[DIRECTIONS]
Copy each line of the material below that includes the string "subst".

[GIVEN INFORMATION — start]

(* Let $n\geq 3$ and let $\mathcal{T}'\subseteq\mathcal{T}_n$ be such that for every $T\in\mathcal{T}_n$ there exists $T'\in\mathcal{T}'$ with $T\rhd T'$. Then $\chi(\mathrm{KG}(\mathcal{T}'))=n-2$.
   Context: Label the vertices of a convex $n$-gon by $1,\dots,n$ in cyclic order; $\mathrm{Diag}_n = \{\{i,j\} \subseteq [n]: i-j\not\equiv \pm1 \pmod n\}$; two diagonals cross if they meet in the interior of the polygon (their four endpoints are distinct and interleave cyclically). A triangulation is identified with its set of diagonals, and $\mathcal{T}_n$ is the set of triangulations. For a set system $\mathcal{F}$, $\mathrm{KG}(\mathcal{F})$ is the graph on $\mathcal{F}$ with $F,F'$ adjacent iff $F\cap F'=\emptyset$. Swapping relation: for $\{i,j\},\{i',j'\}\in\mathrm{Diag}_n$ written with $i<j$ and $i'<j'$, write $\{i,j\}\rhd\{i',j'\}$ if either $\{i,j\}$ and $\{i',j'\}$ do not cross (in particular $d\rhd d$ for every $d$), or $i'<i<j'<j<n$ and $j'-i>1$. For $T,T'\in\mathcal{T}_n$, write $T\rhd T'$ if $d\rhd d'$ for all $d\in T$ and $d'\in T'$. *)

theory Defs
  imports Main
begin

text \<open>Vertices of the convex n-gon are 1..n in cyclic order; diagonals are 2-subsets.\<close>

definition Diag :: "nat \<Rightarrow> nat set set" where
  "Diag n = {{i, j} | i j. i \<in> {1..n} \<and> j \<in> {1..n} \<and> i \<noteq> j \<and>
      (int i - int j) mod int n \<noteq> 1 mod int n \<and>
      (int i - int j) mod int n \<noteq> (-1) mod int n}"
(* In the conditional setting described in the context, fix $\mathbf x\in\mathcal X$ and assume A1$''$, A2 and A3. If there exists $k^\star\in\{1,\dots,K\}$ with $\inf_{\mathbf w\in\mathcal W^*}w_{k^\star}>\frac12$, then $\liminf_{n\to\infty}\Pr\big(Y_{\mathbf x}\in\mathcal C_{\mathrm{comb}}(\mathbf x;\mathcal D_n)\big)\ge1-\alpha$.
   Context: Conditional setting: fix $K\ge2$ and $\alpha\in(0,1)$. For each $n$, on a common probability space there is a random data set $\mathcal D_n$. For each $k\in\{1,\dots,K\}$ and each $\mathbf x\in\mathcal X\subseteq\mathbb R^p$, $\mathcal C_k(\mathbf x;\mathcal D_n)\subseteq\mathbb R$ is a prediction set determined by $\mathcal D_n$ and $\mathbf x$. For a fixed test covariate value $\mathbf x$, $Y_{\mathbf x}$ denotes a real random variable distributed as the conditional law of the response given covariate $\mathbf x$, independent of $\mathcal D_n$; conditioning on $\{\mathbf X=\mathbf x\}$ means evaluating at $\mathbf x$ with response $Y_{\mathbf x}$. The events $\{Y_{\mathbf x}\in\mathcal C_k(\mathbf x;\mathcal D_n)\}$ are assumed measurable. Let $\Delta^{K-1}=\{\mathbf w\in[0,1]^K:w_k\ge0,\sum_k w_k=1\}$, let $\widehat{\mathbf w}_n=(\widehat w_{n,1},\dots,\widehat w_{n,K})$ be a $\sigma(\mathcal D_n)$-measurable random vector in $\Delta^{K-1}$, and let $\mathcal W^*\subseteq\Delta^{K-1}$ be a nonempty closed convex set; $\|\cdot\|$ is the Euclidean norm. A1$''$: $\sup_{k\in\{1,\dots,K\}}\big|\Pr(Y_{\mathbf x}\notin\mathcal C_k(\mathbf x;\mathcal D_n)\mid\mathcal D_n)-\alpha\big|\to0$ in probability as $n\to\infty$. A2: $\inf_{\mathbf w\in\mathcal W^*}\|\widehat{\mathbf w}_n-\mathbf w\|\to0$ in probability as $n\to\infty$. A3: $\mathcal C_{\mathrm{comb}}(\mathbf x;\mathcal D_n):=\{y\in\mathbb R:\sum_{k=1}^K\widehat w_{n,k}\mathbf 1\{y\in\mathcal C_k(\mathbf x;\mathcal D_n)\}>1/2\}$. *)

theory Defs
  imports "HOL-Probability.Probability"
begin

text \<open>Probability prob_simplex over the finite index type 'k (indices 1..K, K = CARD('k)).\<close>
definition prob_simplex :: "(real ^ 'k::finite) set" where
  "prob_simplex = {w. (\<forall>k. 0 \<le> w $ k) \<and> (\<Sum>k\<in>UNIV. w $ k) = 1}"

definition comb_set :: "(real ^ 'k::finite) \<Rightarrow> ('k \<Rightarrow> real set) \<Rightarrow> real set" where
  "comb_set w C = {y. (\<Sum>k\<in>UNIV. w $ k * indicator (C k) y) > 1/2}"

definition conv_prob_zero :: "'a measure \<Rightarrow> (nat \<Rightarrow> 'a \<Rightarrow> real) \<Rightarrow> bool" where
  "conv_prob_zero M X \<longleftrightarrow>
     (\<forall>\<epsilon>>0. (\<lambda>n. measure M {\<omega> \<in> space M. \<bar>X n \<omega>\<bar> > \<epsilon>}) \<longlonglongrightarrow> 0)"

end

theory Submission
  imports Defs
begin

(* If the estimated weights are within e of W*, where expert k* has weight > 1/2, then k*
   alone carries a strict majority, so its prediction set lies inside the weighted majority
   vote set; if moreover every expert has miscoverage within e of alpha, the vote covers with
   conditional probability at least 1 - alpha - e given the data. By A1'' and A2 this holds
   outside events of vanishing probability, and Fubini turns the conditional bound into a
   bound on the joint coverage probability. *)

lemma INF_component_le_component_plus_infdist:
  fixes v :: "real ^ 'n"
  assumes "W \<noteq> {}" "bdd_below ((\<lambda>w. w $ k) ` W)"
  shows "(INF w\<in>W. w $ k) \<le> v $ k + infdist v W"
proof -
  have "(INF w\<in>W. w $ k) - v $ k \<le> dist v a" if "a \<in> W" for a
  proof -
    have "(INF w\<in>W. w $ k) \<le> a $ k" using assms(2) that by (rule cINF_lower)
    moreover have "\<bar>(a - v) $ k\<bar> \<le> norm (a - v)" by (rule component_le_norm_cart)
    ultimately show ?thesis by (simp add: dist_norm norm_minus_commute)
  qed
  then have "(INF w\<in>W. w $ k) - v $ k \<le> (INF a\<in>W. dist v a)"
    using assms(1) by (intro cINF_greatest) auto
  then show ?thesis using infdist_notempty[OF assms(1)] by simp
qed

lemma subset_comb_set:
  assumes "\<And>j. 0 \<le> w $ j" "1/2 < w $ k"
  shows "C k \<subseteq> comb_set w C"
proof
  fix y assume "y \<in> C k"
  then have "w $ k \<le> (\<Sum>j\<in>UNIV. w $ j * indicator (C j) y)"
    using member_le_sum[of k UNIV "\<lambda>j. w $ j * indicator (C j) y"] assms(1) by simp
  with assms(2) show "y \<in> comb_set w C" by (simp add: comb_set_def)
qed
lemma (in finite_measure) AE_le_mean_if_superlevel_trivial:
  fixes u :: "'a \<Rightarrow> real"
  defines "c \<equiv> (\<integral>x. u x \<partial>M) / measure M (space M)"
  assumes u: "integrable M u" and "(AE x in M. \<not> c < u x) \<or> (AE x in M. c < u x)"
  shows "AE x in M. u x \<le> c"
proof (cases "measure M (space M) = 0")
  case True
  then have "space M \<in> null_sets M"
    by (simp add: emeasure_eq_measure null_sets_def)
  then have "AE x in M. x \<notin> space M"
    by (rule AE_not_in)
  then show ?thesis
    using AE_space by eventually_elim simp
next
  case False
  consider "AE x in M. \<not> c < u x" | "AE x in M. c < u x"
    using assms(3) by blast
  then show ?thesis
  proof cases
    case 1
    then show ?thesis
      by eventually_elim simp
  next
    case 2
    have "(\<integral>x. u x - c \<partial>M) = 0"
      using False u by (simp add: c_def)
    then have "AE x in M. u x - c = 0"
      using 2 u by (subst (asm) integral_nonneg_eq_0_iff_AE) (auto elim: eventually_mono)
    then show ?thesis
      by eventually_elim simp
  qed
qed

lemma laplacian_indicator:
  assumes "prob_space (m x)" and "A \<in> sets (m x)"
  shows "laplacian m (indicator A) x = measure (m x) A - indicator A x"
proof -
  interpret prob_space "m x"
    by fact
  show ?thesis
    unfolding laplacian_def using assms(2) by (subst Bochner_Integration.integral_diff)
      (auto simp: prob_space less_top[symmetric])
qed

locale invariant_kernel =
  fixes m :: "'a::polish_space \<Rightarrow> 'a measure" and \<nu> :: "'a measure"
  assumes measurable_m[measurable]: "m \<in> measurable borel (subprob_algebra borel)"
    and prob_space_m: "prob_space (m x)"
    and sets_m[measurable_cong]: "sets (m x) = sets borel"
    and sets_nu[measurable_cong]: "sets \<nu> = sets borel"
    and bind_nu_m: "\<nu> \<bind> m = \<nu>"
begin

lemma space_nu[simp]: "space \<nu> = UNIV"
  using sets_eq_imp_space_eq[OF sets_nu] by simp

lemma space_m[simp]: "space (m x) = UNIV"
  using sets_eq_imp_space_eq[OF sets_m] by simp

lemma nn_integral_invariant:
  assumes [measurable]: "f \<in> borel_measurable borel"
  shows "(\<integral>\<^sup>+ x. (\<integral>\<^sup>+ y. f y \<partial>m x) \<partial>\<nu>) = (\<integral>\<^sup>+ x. f x \<partial>\<nu>)"
  using nn_integral_bind[of f borel m \<nu>] by (simp add: bind_nu_m)

lemma emeasure_invariant:
  assumes "A \<in> sets borel"
  shows "emeasure \<nu> A = (\<integral>\<^sup>+ x. emeasure (m x) A \<partial>\<nu>)"
  using emeasure_bind[of \<nu> m borel A] assms by (simp add: bind_nu_m)

lemma AE_AE_kernel_iff:
  assumes [measurable]: "Measurable.pred borel P"
  shows "(AE x in \<nu>. AE y in m x. P y) \<longleftrightarrow> (AE x in \<nu>. P x)"
  using AE_bind[of m \<nu> borel P] unfolding bind_nu_m by simp

lemma measurable_m_iter[measurable]: "m_iter m n \<in> measurable borel (subprob_algebra borel)"
  by (induction n) (simp_all add: return_measurable)

lemma m_iter_1: "m_iter m 1 x = m x"
  using bind_return[OF measurable_m, of x] by simp

lemma m_iter_Suc_left: "m_iter m (Suc n) x = m x \<bind> m_iter m n"
proof (induction n arbitrary: x)
  case 0
  show ?case using m_iter_1 bind_return''[OF sets_m, of x] by simp
next
  case (Suc n)
  have "m_iter m (Suc (Suc n)) x = (m x \<bind> m_iter m n) \<bind> m"
    using Suc by simp
  also have "\<dots> = m x \<bind> (\<lambda>y. m_iter m n y \<bind> m)"
    by (rule bind_assoc) measurable
  finally show ?case by simp
qed

lemma emeasure_m_iter_Suc:
  assumes "A \<in> sets borel"
  shows "emeasure (m_iter m (Suc n) x) A = (\<integral>\<^sup>+ y. emeasure (m_iter m n y) A \<partial>m x)"
  unfolding m_iter_Suc_left using assms by (intro emeasure_bind) auto

(* From here on iterates are unfolded from the left, by emeasure_m_iter_Suc. *)
declare m_iter.simps(2) [simp del]

definition invariant_set :: "'a set \<Rightarrow> bool" where
  "invariant_set A \<longleftrightarrow> A \<in> sets borel \<and> (AE x in \<nu>. emeasure (m x) A = indicator A x)"

definition invariant_sets_trivial :: bool where
  "invariant_sets_trivial \<longleftrightarrow>
     (\<forall>A. invariant_set A \<longrightarrow> (AE x in \<nu>. x \<notin> A) \<or> (AE x in \<nu>. x \<in> A))"

lemma sets_N_set[measurable]:
  assumes [measurable]: "D \<in> sets borel"
  shows "N_set m D \<in> sets borel"
proof -
  have "N_set m D = {x \<in> space borel. \<forall>n. 1 \<le> n \<longrightarrow> emeasure (m_iter m n x) D = 0}"
    by (auto simp: N_set_def)
  also have "\<dots> \<in> sets borel"
    by measurable
  finally show ?thesis .
qed

lemma emeasure_N_set_eq_1:
  assumes [measurable]: "D \<in> sets borel" and x: "x \<in> N_set m D"
  shows "emeasure (m x) (N_set m D) = 1"
proof -
  interpret prob_space "m x" by (rule prob_space_m)
  have "AE y in m x. emeasure (m_iter m n y) D = 0" if "n \<ge> 1" for n
  proof -
    have "(\<integral>\<^sup>+ y. emeasure (m_iter m n y) D \<partial>m x) = 0"
      using x that by (simp add: N_set_def flip: emeasure_m_iter_Suc)
    then show ?thesis
      by (simp add: nn_integral_0_iff_AE)
  qed
  then have "AE y in m x. y \<in> N_set m D"
    by (simp add: N_set_def AE_all_countable)
  then show ?thesis
    by (intro emeasure_eq_1_AE) simp_all
qed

[GIVEN INFORMATION — finish]

[RESULT BELOW]
      using 2 u by (subst (asm) integral_nonneg_eq_0_iff_AE) (auto elim: eventually_mono)
    unfolding laplacian_def using assms(2) by (subst Bochner_Integration.integral_diff)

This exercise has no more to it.